通常情况下会使用基础正则表达式就已经足够了，但有时为了简化整个指令，需要使用范围更广的扩展正则表达式。例如，使用基础正则表达式查询除文件中空白行与行首为“#”之外的行（通常用于查看生效的配置文件），执行“grep -v‘^$’test.txt | grep -v‘^#’” 即可实现。这里需要使用管道命令来搜索两次。如果使用扩展正则表达式，可以简化为“egrep -v‘^$|^#’test.txt”，其中，单引号内的管道符号表示或者（ or ）。此外，grep 命令仅支持基础正则表达式，如果使用扩展正则表达式，需要使用 egrep 或 awk 命令。 awk 命令在后面的小节进行解这里我们直接使用 egrep 命令。 egrep 命令与 grep 命令的用法基本相似。 egrep 命令是一个搜索文件获得模式，使用该命令可以搜索文件中的任意字符串和符号，也可以搜索一个或多个文件的字符串，一个提示符可以是单个字符、一个字符串、一个字或一个句子。
与基础正则表达式类型相同，扩展正则表达式也包含多个元字符，常见的扩展正则表达式的元字符主要包括以下几个

符号	描述	示例
`+`	匹配前面的元素至少一次（等价于 `{1,}`）。	`a+` 匹配 `a`、`aa`、`aaa` 等；`ab+c` 匹配 `abc`、`abbc` 等。
`?`	匹配前面的元素零次或一次（等价于 `{0,1}`）；也可用于使贪婪匹配变为非贪婪。	`a?` 匹配空字符串或 `a`；`ab?c` 匹配 `ac` 或 `abc`。
`\|`	逻辑或，匹配竖线两侧的任意一个表达式。	`a\|b` 匹配 `a` 或 `b`；`(cat\|dog)` 匹配 `cat` 或 `dog`。
`()`	捕获组，将多个字符视为一个整体，并捕获匹配的内容供后续引用。	`(ab)+` 匹配 `ab`、`abab` 等；`(\d{3})-(\d{4})` 可分别捕获区号和号码。
`( )+`	括号与 `+` 的组合，表示括号内的内容至少出现一次。	`(ab)+` 匹配 `ab`、`abab`、`ababab` 等。

文本处理器

sed 工具

sed （ Stream EDitor ）是一个强大而简单的文本解析转换工具，可以读取文本，并根据
指定的条件对文本内容进行编辑（删除、替换、添加、移动等），最后输出所有行或者仅输
出处理的某些行。 sed 也可以在无交互的情况下实现相当复杂的文本处理操作，被广泛应用
于 Shell 脚本中，用以完成各种自动化处理任务。
sed 的工作流程主要包括读取、执行和显示三个过程

步骤	操作	描述	关键细节
1	读取	从输入流（文件、管道或终端）逐行读取数据到模式空间（Pattern Space）。	- 按行读取，默认以换行符分隔。 - 每读取一行，存入临时缓冲区（模式空间）。
2	执行	对模式空间中的内容应用用户指定的命令（如替换、删除、追加等）。	- 按命令顺序处理（如 `s/old/new/g`）。 - 可基于地址（行号/正则）匹配操作。
3	显示	将处理后的模式空间内容输出到标准输出（默认自动打印）。	- 若未使用 `-n` 选项，处理后的行自动显示。 - 使用 `p` 命令可显式控制输出。

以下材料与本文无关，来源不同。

lemma radial_primitive_has_derivative:
  assumes T: "convex T" "open T" "0 \<in> T" and g: "wirtinger_C1_on T g A B" and x0: "x0 \<in> T"
  shows "((\<lambda>x. integral {0..1} (\<lambda>t. Re (g (t *\<^sub>R x) * x))) has_derivative
           (\<lambda>h. integral {0..1} (\<lambda>t. Re ((of_real t * A (t *\<^sub>R x0) * x0 + g (t *\<^sub>R x0)) * h
                                          + of_real t * B (t *\<^sub>R x0) * x0 * cnj h)))) (at x0)"
proof -
  have gd: "\<And>w. w \<in> T \<Longrightarrow> (g has_derivative (\<lambda>h. A w * h + B w * cnj h)) (at w)"
    and cA: "continuous_on T A" and cB: "continuous_on T B"
    using g unfolding wirtinger_C1_on_def by auto
  have cg: "continuous_on T g" using g by (rule wirtinger_C1_on_imp_continuous_on)
  define fx where
    "fx x t = re_blinfun (of_real t * A (t *\<^sub>R x) * x + g (t *\<^sub>R x)) (of_real t * B (t *\<^sub>R x) * x)"
    for x and t :: real
  have radial: "continuous_on (T \<times> cbox 0 1) (\<lambda>p. f (snd p *\<^sub>R fst p))" if "continuous_on T f" for f
    by (rule continuous_on_compose2[OF that]) (auto intro!: continuous_intros scaleR_mem_convex_0[OF T(1,3)])
  have cfx: "continuous_on (T \<times> cbox 0 1) (\<lambda>(x, t). fx x t)"
    unfolding fx_def split_beta by (intro continuous_on_re_blinfun continuous_intros radial cA cB cg)
  have "((\<lambda>x. integral (cbox 0 1) (\<lambda>t. Re (g (t *\<^sub>R x) * x))) has_derivative integral (cbox 0 1) (fx x0))
          (at x0 within T)"
  proof (rule leibniz_rule[where fx = fx])
    fix x and t :: real assume x: "x \<in> T" and t: "t \<in> cbox 0 1"
    have "((\<lambda>x. g (t *\<^sub>R x)) has_derivative (\<lambda>h. A (t *\<^sub>R x) * (t *\<^sub>R h) + B (t *\<^sub>R x) * cnj (t *\<^sub>R h)))
            (at x within T)"
      using t by (intro has_derivative_compose[OF _ gd] derivative_eq_intros scaleR_mem_convex_0[OF T(1,3) x]) auto
    then show "((\<lambda>x. Re (g (t *\<^sub>R x) * x)) has_derivative blinfun_apply (fx x t)) (at x within T)"
      by (auto intro!: derivative_eq_intros simp: fx_def re_blinfun_apply scaleR_conv_of_real algebra_simps)
  next
    fix x assume x: "x \<in> T"
    have "continuous_on (cbox 0 1) (\<lambda>t::real. g (t *\<^sub>R x))"
      by (rule continuous_on_compose2[OF cg]) (auto intro!: continuous_intros scaleR_mem_convex_0[OF T(1,3) x])
    then show "(\<lambda>t. Re (g (t *\<^sub>R x) * x)) integrable_on cbox 0 1"
      by (intro integrable_continuous continuous_intros)
  qed (use cfx x0 T in auto)
  moreover have "continuous_on (cbox 0 1) (fx x0)"
    by (rule continuous_on_compose2[OF cfx, of _ "\<lambda>t. (x0, t)", simplified]) (auto intro!: continuous_intros x0)
  then have "blinfun_apply (integral (cbox 0 1) (fx x0))
               = (\<lambda>h. integral (cbox 0 1) (\<lambda>t. blinfun_apply (fx x0 t) h))"
    by (intro ext blinfun_apply_integral integrable_continuous)
  ultimately show ?thesis
    using at_within_open[OF x0 T(2)] by (simp add: fx_def re_blinfun_apply cbox_interval)
qed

注意：默认情况下所有的 sed 命令都是在模式空间内执行的，因此输入的文件并不会发生任何变化，除非是用重定向存储输出

sed 命令常见用法

通常情况下调用 sed 命令有两种格式，如下所示。其中，“参数”是指操作的目标文件，当存在多个操作对象时用，文件之间用逗号“，”分隔；而 scriptfile 表示脚本文件，需要用“-f” 选项指定，当脚本文件出现在目标文件之前时，表示通过指定的脚本文件来处理输入的目标文件

sed [ 选项 ] ' 操作 ' 参数

sed [ 选项 ] -f scriptfile 参数

常见的 sed 命令选项主要包含以下几种

选项	描述	示例	注意事项
`-n`	抑制默认输出（仅显示通过 `p` 命令显式指定的内容）。	`sed -n '1,3p' file`（仅输出1-3行）	常与 `p`（打印）命令配合使用。
`-e`	指定多个编辑命令，可串联多个 `-e`。	`sed -e 's/a/b/' -e '3d' file`（替换a为b，并删除第3行）	多个命令也可用分号分隔：`sed 's/a/b/;3d' file`。
`-f`	从文件中读取sed脚本命令。	`sed -f script.sed file`（执行 `script.sed` 中的命令）	脚本文件需包含有效的sed命令（如 `s/old/new/` 或 `1,5d`）。
`-i[SUFFIX]`	直接修改文件内容（原地编辑），可选备份原文件（指定后缀）。	`sed -i.bak 's/foo/bar/g' file`（修改文件，并备份为 `file.bak`）	无备份时慎用！Linux可省略后缀（`-i ''`），macOS需明确指定（如 `-i ''`）。
`-r` 或 `-E`	启用扩展正则表达式（支持 `+`, `?`, `\|` 等元字符）。	`sed -r 's/(foo	bar)/test/g' file`（匹配` foo`或`bar`）	GNU sed用 `-r`，BSD/macOS sed用 `-E`。
`-l`	设置输出行的固定长度（自动换行）。	`sed -l 50 's/abc/def/' file`（每行输出最多50字符后换行）	较少使用，需注意系统兼容性。
`--help`	显示帮助信息。	`sed --help`	输出sed版本及选项说明。
`--version`	显示sed版本信息。	`sed --version`	用于检查是否支持特定功能（如 `-i` 的备份行为）。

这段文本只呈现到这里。